Based on previous research and in line with the WHO guidance document, respondents were also asked questions pertaining to social demographics, risk perception (probability and severity) [2], perceptions of resilience [28] and lifestyle factors (e.g. stress and behaviour during lockdown) [28, 29]. As well as questions pertaining to their perceptions of risk of both contracting coronavirus and the perceived severity, their perceptions of the impact on their social circle was also included. Participants were also asked if they had or perceived they had, contracted coronavirus and the severity of the virus they experienced in line with the validated items created by Brewer et al. [2] on health behaviour and risk perception.

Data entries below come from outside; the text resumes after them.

theorem corollary1:
  fixes n :: nat
  assumes "n \<ge> 1"
  shows "real (card (grand_dyck_U_DUD n)) = fps_nth gf_A005773 n"
proof -
  obtain m where n: "n = Suc m"
    using assms by (cases n) auto
  have "real (card (grand_dyck_U_DUD n)) = real (card (avoiding_words m (Suc m)))"
    unfolding n grand_dyck_U_DUD_eq_Cons by (simp add: card_image)
  also have "\<dots> = trinomial_pair m"
    by (simp add: card_avoiding_words_diag trinomial_pair_binomial_sum)
  also have "\<dots> = gf_A005773 $ n"
    unfolding n by (rule trinomial_pair_eq_gf_A005773)
  finally show ?thesis .
qed

end
theorem proposition1:
  fixes R L C Vdc T :: real and x :: "real \<Rightarrow> real^2"
  assumes pos: "R > 0" "L > 0" "C > 0" "Vdc > 0" "T > 0"
    and inv: "invertible (mat 1 - mat_exp ((T / 2) *\<^sub>R A2 R L C) ** mat_exp ((T / 2) *\<^sub>R A1 R L C))"
    and cont: "continuous_on {0..} x"
    and ode1: "\<And>(k::nat) t. k \<ge> 1 \<Longrightarrow> t \<in> {(real k - 1) * T .. (real k - 1) * T + T / 2} \<Longrightarrow>
       (x has_vector_derivative (A1 R L C *v x t + b1 L Vdc))
         (at t within {(real k - 1) * T .. (real k - 1) * T + T / 2})"
    and ode2: "\<And>(k::nat) t. k \<ge> 1 \<Longrightarrow> t \<in> {(real k - 1) * T + T / 2 .. real k * T} \<Longrightarrow>
       (x has_vector_derivative (A2 R L C *v x t))
         (at t within {(real k - 1) * T + T / 2 .. real k * T})"
    and init: "x 0 = matrix_inv (mat 1 - mat_exp ((T / 2) *\<^sub>R A2 R L C) ** mat_exp ((T / 2) *\<^sub>R A1 R L C))
        *v (mat_exp ((T / 2) *\<^sub>R A2 R L C) ** matrix_inv (A1 R L C)
            ** (mat_exp ((T / 2) *\<^sub>R A1 R L C) - mat 1) *v b1 L Vdc)"
  shows "x 0 $ 1 = x (T / 2) $ 1 \<and> x (T / 2) $ 1 = x T $ 1"
proof -
  define S where "S = voltage_reflection"
  define E where "E = mat_exp ((T / 2) *\<^sub>R A1 R L C)"
  define d :: "real^2" where "d = vector [0, Vdc]"
  have fixpoint: "S *v (E *v (x 0 - d)) = x 0"
    using periodic_initial_value_fixpoint[OF pos(2,3) inv init]
    by (simp add: S_def E_def d_def matrix_vector_mul_assoc)
  have "x (T / 2) - d = mat_exp ((T / 2 - 0) *\<^sub>R A1 R L C) *v (x 0 - d)"
  proof (rule affine_ode_mat_exp)
    fix t assume "t \<in> {0..T / 2}"
    then show "(x has_vector_derivative A1 R L C *v (x t - d)) (at t within {0..T / 2})"
      using ode1[of 1 t]
      by (simp add: d_def b1_eq_equilibrium[of L Vdc R C] matrix_vector_mult_diff_distrib)
  qed (use pos in simp)
  then have "S *v (x (T / 2) - d) = x 0"
    using fixpoint by (simp add: E_def)
  then have half: "S *v x (T / 2) = x 0 - d"
    by (simp add: S_def d_def matrix_vector_mult_diff_distrib voltage_reflection_equilibrium eq_diff_eq)
  have "x T = mat_exp ((T - T / 2) *\<^sub>R A2 R L C) *v x (T / 2)"
  proof (rule linear_ode_mat_exp)
    fix t assume "t \<in> {T / 2..T}"
    then show "(x has_vector_derivative A2 R L C *v x t) (at t within {T / 2..T})"
      using ode2[of 1 t] by simp
  qed (use pos in simp)
  also have "\<dots> = S *v (E *v (S *v x (T / 2)))"
    by (simp add: mat_exp_A2 S_def E_def matrix_vector_mul_assoc matrix_mul_assoc)
  finally have "x T = x 0"
    using fixpoint by (simp add: half)
  moreover have "x (T / 2) $ 1 = x 0 $ 1"
    using arg_cong[OF half, of "\<lambda>v. v $ 1"] by (simp add: S_def voltage_reflection_current d_def)
  ultimately show ?thesis
    by simp
qed

end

At the start of the questionnaire respondents were given details of the research process and purpose and asked for their informed consent prior to starting the questionnaire. The questionnaire was split into six sections including; general information, training, lifestyle, medical history, social circle, coronavirus experiences. Participants were informed that should they feel uncomfortable and want to abandon the survey—they can do so at any time prior to submission without consequence. Participants were also informed that all questions (beyond basic demographics) are optional—therefore if they feel uncomfortable answering a question, they can leave that question without consequence. At the end of the collection period all data was collected and downloaded into excel for cleaning and analysis purposes.

Statistical analyses

Data analysis

Sample characteristics were described by frequency and percentage. Exploratory analyses were conducted to establish whether the data met parametric assumptions. To assess for data normality and homogeneity the Shapiro–Wilk and Levene tests were applied. According to Yap and Sim [39] the Shapiro–Wilk test is regarded as a powerful statistic for normality, with the Levene test applied to assess if variance was equal across groups. All the studied variables had a nonparametric distribution, except for exercise training experience. Following the Shapiro–Wilk and Levene test for homogeneity of variance, group analysis was completed using a non-parametric Kruskal–Wallis H test with rank sums tests post hoc. Descriptive statistics were also used to describe BMI ranking of participants by exercise training history, average minutes of exercise performed per week, CF training experience, number of CF classes performed per week. Statistical significance was tested with the Kruskal–Wallis H test for polytomous variables with Bonferroni correction for pairwise comparisons. The effect size (ES) was calculated using epsilon squared for the Kruskal–Wallis H test Epsilon squared was calculated as [33]:

$$\frac{H}{{(n^{2} - 1)/(n + 1)}}$$

ES of epsilon squared was classified as negligible (0.00–0.01), weak (0.01–0.04), moderate (0.04–0.16), relatively strong (0.16–0.36), strong (0.36–0.64) and very strong (0.64–1.00). Collected data were analysed using Statistical Package for Social Sciences (SPSS) version 27.0 (IBM Corp, Armonk, NY, USA). Significance levels for both main effects and post analyses was set at p = 0.05.

Ethical consideration

The study protocol was reviewed and approved by Nottingham Trent Universities Non-Invasive Ethics Committee.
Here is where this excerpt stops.